Love Letter proudly presents Foule, A2, A3, personne, a group of painted works and a wall of drawings by Michel Bayetto.
An unnamed crowd stretched out in the format of a large painting (Anthropocène series), backs of heads in portrait size (John Doe series): this is the world that Michel Bayetto sets out to paint, “or rather, to depict”, as he says. His use of oil paint, worked with extreme care from dark backgrounds and over a long period of time (“the time it takes to apply the glazes”, he adds) consists in stripping the figures of any identity, and of any recognisable narrative. “The colours are the protagonists”, says the artist. Together or separately, the figures become “persons”: they are the John Does that Bayetto has chosen as the title for his series of portraits of necks that barely stand out against a background. In English-speaking countries, that surname, feminised as Jane Doe, designates an unidentified person: an ‘X’, a ‘some·any·one’. These Lambda people may or may not be in actions, or in stories of which the cause, outcome, or even location are unknown to us. The painting becomes the site of the encounter itself.

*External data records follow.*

lemma band_projection_scaleR_nonneg_if_unit:
  fixes e x :: "'a::{ordered_real_vector,conditionally_complete_lattice}"
  assumes A: "band_projection A" and e: "weak_order_unit e" and x: "0 \<le> x"
    and at_e: "0 \<le> A (c *\<^sub>R e)"
  shows "0 \<le> A (c *\<^sub>R x)"
proof (cases "0 \<le> c")
  case True
  with x show ?thesis by (simp add: band_projection_scaleR[OF A] band_projection_nonneg[OF A] scaleR_nonneg_nonneg)
next
  case False
  have "0 \<le> A e" using e by (simp add: band_projection_nonneg[OF A] weak_order_unit_def)
  moreover have "0 \<le> c *\<^sub>R A e" using at_e by (simp add: band_projection_scaleR[OF A])
  ultimately have "A e = 0" using False by (simp add: zero_le_scaleR_iff antisym)
  then show ?thesis using band_projection_eq_0_if_weak_order_unit[OF A e] by simp
qed

\<comment> \<open>The auxiliary projection \<open>A\<close> localises the claim to a band, so that the induction can
  split along the band of each \<open>R i\<close> and its complement.\<close>
lemma band_projection_combination_nonneg:
  fixes e x :: "'a::{ordered_real_vector,conditionally_complete_lattice}"
    and R :: "nat \<Rightarrow> 'a \<Rightarrow> 'a" and c :: "nat \<Rightarrow> real"
  assumes e: "weak_order_unit e" and x: "0 \<le> x" and R: "\<And>i. i < m \<Longrightarrow> band_projection (R i)"
    and A: "band_projection A" and at_e: "0 \<le> A (c0 *\<^sub>R e + (\<Sum>i<m. c i *\<^sub>R R i e))"
  shows "0 \<le> A (c0 *\<^sub>R x + (\<Sum>i<m. c i *\<^sub>R R i x))"
  using R A at_e
proof (induction m arbitrary: A c0)
  case 0
  then show ?case using band_projection_scaleR_nonneg_if_unit[OF _ e x] by simp
next
  case (Suc m)
  define Q where "Q = R m"
  have Q: "band_projection Q" and R: "\<And>i. i < m \<Longrightarrow> band_projection (R i)"
    using Suc.prems(1) by (simp_all add: Q_def)
  note A = Suc.prems(2)
  define S where "S z = c0 *\<^sub>R z + (\<Sum>i<m. c i *\<^sub>R R i z)" for z
  define T where "T z = (c0 + c m) *\<^sub>R z + (\<Sum>i<m. c i *\<^sub>R R i z)" for z
  \<comment> \<open>on the band of \<open>Q\<close> the operator acts like \<open>T\<close>, on its complement like \<open>S\<close>\<close>
  have F: "c0 *\<^sub>R z + (\<Sum>i<Suc m. c i *\<^sub>R R i z) = S z + c m *\<^sub>R Q z" for z
    by (simp add: S_def Q_def algebra_simps)
  have Q_F: "Q (S z + c m *\<^sub>R Q z) = Q (T z)" for z
    by (simp add: S_def T_def band_projection_add[OF Q] band_projection_scaleR[OF Q] band_projection_idem[OF Q]
        band_projection_sum[OF Q] algebra_simps scaleR_add_left)
  have compl_F: "(S z + c m *\<^sub>R Q z) - Q (S z + c m *\<^sub>R Q z) = S z - Q (S z)" for z
    by (simp add: band_projection_add[OF Q] band_projection_scaleR[OF Q] band_projection_idem[OF Q])
  have F_e: "0 \<le> A (S e + c m *\<^sub>R Q e)" using Suc.prems(3) F by simp
  have "0 \<le> A (Q (T x))"
  proof -
    have "A (Q (T e)) = Q (A (S e + c m *\<^sub>R Q e))"
      by (simp only: Q_F[symmetric] band_projection_commute[OF A Q])
    then have "0 \<le> A (Q (T e))" using band_projection_nonneg[OF Q F_e] by simp
    then show ?thesis using Suc.IH[OF R band_projection_comp[OF A Q]] by (simp add: T_def)
  qed
  moreover have "0 \<le> A (S x - Q (S x))"
  proof -
    have "0 \<le> A (S e + c m *\<^sub>R Q e) - Q (A (S e + c m *\<^sub>R Q e))"
      using band_projection_le[OF Q F_e] by simp
    then have "0 \<le> A (S e - Q (S e))"
      by (simp add: compl_F[symmetric] band_projection_diff[OF A] band_projection_commute[OF A Q])
    then show ?thesis using Suc.IH[OF R band_projection_comp[OF A band_projection_compl[OF Q]]] by (simp add: S_def)
  qed
  moreover have "A (S x + c m *\<^sub>R Q x) = A (Q (T x)) + A (S x - Q (S x))"
    by (simp add: Q_F[symmetric] compl_F[symmetric] band_projection_add[OF A, symmetric])
  ultimately show ?case using F by simp
qed

section \<open>Principal band projections\<close>

definition principal_band :: "'a::{ordered_real_vector,lattice} \<Rightarrow> 'a set" where
  "principal_band u = disj_compl (disj_compl {u})"

\<comment> \<open>The choice is only meaningful where a projection onto the band exists, which is shown for
  \<open>0 \<le> u\<close> below.\<close>
definition principal_projection :: "'a::{ordered_real_vector,conditionally_complete_lattice} \<Rightarrow> 'a \<Rightarrow> 'a" where
  "principal_projection u = (SOME P. band_projection_onto (principal_band u) P)"

lemma band_principal_band: "band (principal_band (u::'a::{ordered_real_vector,conditionally_complete_lattice}))"
  by (simp add: principal_band_def band_disj_compl)

lemma riesz_ideal_principal_band: "riesz_ideal (principal_band (u::'a::{ordered_real_vector,conditionally_complete_lattice}))"
  by (simp add: band_imp_riesz_ideal band_principal_band)

lemma mem_principal_band: "u \<in> principal_band (u::'a::{ordered_real_vector,lattice})"
  using subset_disj_compl_disj_compl[of "{u}"] by (simp add: principal_band_def)

lemma disj_compl_singleton_subset: "disj_compl {u} \<subseteq> disj_compl (principal_band (u::'a::{ordered_real_vector,lattice}))"
  by (simp add: principal_band_def subset_disj_compl_disj_compl)

lemma principal_band_mono:
  fixes u v :: "'a::{ordered_real_vector,lattice}"
  assumes "0 \<le> v" "v \<le> u"
  shows "principal_band v \<subseteq> principal_band u"
proof -
  have "disj_compl {u} \<subseteq> disj_compl {v}"
    using assms rdisj_abs_le_left[of v u] by (auto simp: disj_compl_def rdisj_commute)
  then show ?thesis unfolding principal_band_def by (rule disj_compl_antimono)
qed

lemma cSup_inf_multiples:
  fixes x u :: "'a::{ordered_real_vector,conditionally_complete_lattice}"
  assumes x: "0 \<le> x" and u: "0 \<le> u"
  defines "s \<equiv> Sup (range (\<lambda>k::nat. inf x (real k *\<^sub>R u)))"
  shows "0 \<le> s" "s \<le> x" "rdisj (x - s) u"
proof -
  let ?g = "\<lambda>k::nat. inf x (real k *\<^sub>R u)"
  have bdd: "bdd_above (range ?g)" by (rule bdd_aboveI[of _ x]) auto
  have upper: "?g k \<le> s" for k unfolding s_def using bdd by (intro cSup_upper) auto
  show "s \<le> x" unfolding s_def by (rule cSup_least) auto
  moreover show "0 \<le> s" using upper[of 0] x by (simp add: inf_absorb2)
  define d where "d = inf (x - s) u"
  ultimately have d: "0 \<le> d" using u by (simp add: d_def)
  \<comment> \<open>adding \<open>d\<close> to the \<open>k\<close>-th term stays below the \<open>(k+1)\<close>-st, so \<open>s + d \<le> s\<close>\<close>
  have "?g k + d \<le> s" for k
  proof -
    have "?g k + d \<le> s + (x - s)" by (intro add_mono upper) (simp add: d_def)
    moreover have "?g k + d \<le> real k *\<^sub>R u + u" by (intro add_mono) (simp_all add: d_def)
    ultimately have "?g k + d \<le> ?g (Suc k)" by (simp add: algebra_simps)
    then show ?thesis using upper[of "Suc k"] by (rule order_trans)
  qed
  then have "s \<le> s - d" unfolding s_def by (intro cSup_least) (auto simp: le_diff_eq)
  with d have "d = 0" by simp
  then show "rdisj (x - s) u"
    using \<open>s \<le> x\<close> u by (simp add: rdisj_def d_def)
qed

Michel Bayetto keeps art history in mind, from Georges Seurat to Agnes Martin. Like these painters, he understands that in order to become a meeting place, painting had to render its models inexpressive: photographs torn from a magazine or pointed out by a friend (Anthropocène series), ghosts or fantasies imagined by the artist (John Doe series), or life drawing models (Plages series, E-Jizz series, Acolytes series). By erasing their inner life in the fabric of the material, the works of Bayetto compose an optical theatre of pose, silence and shadows. “Colours, as fluid events, gradually become the bearers of a subjective existence,’ he explains. They refer to something floating in a world where inside and outside are irrelevant.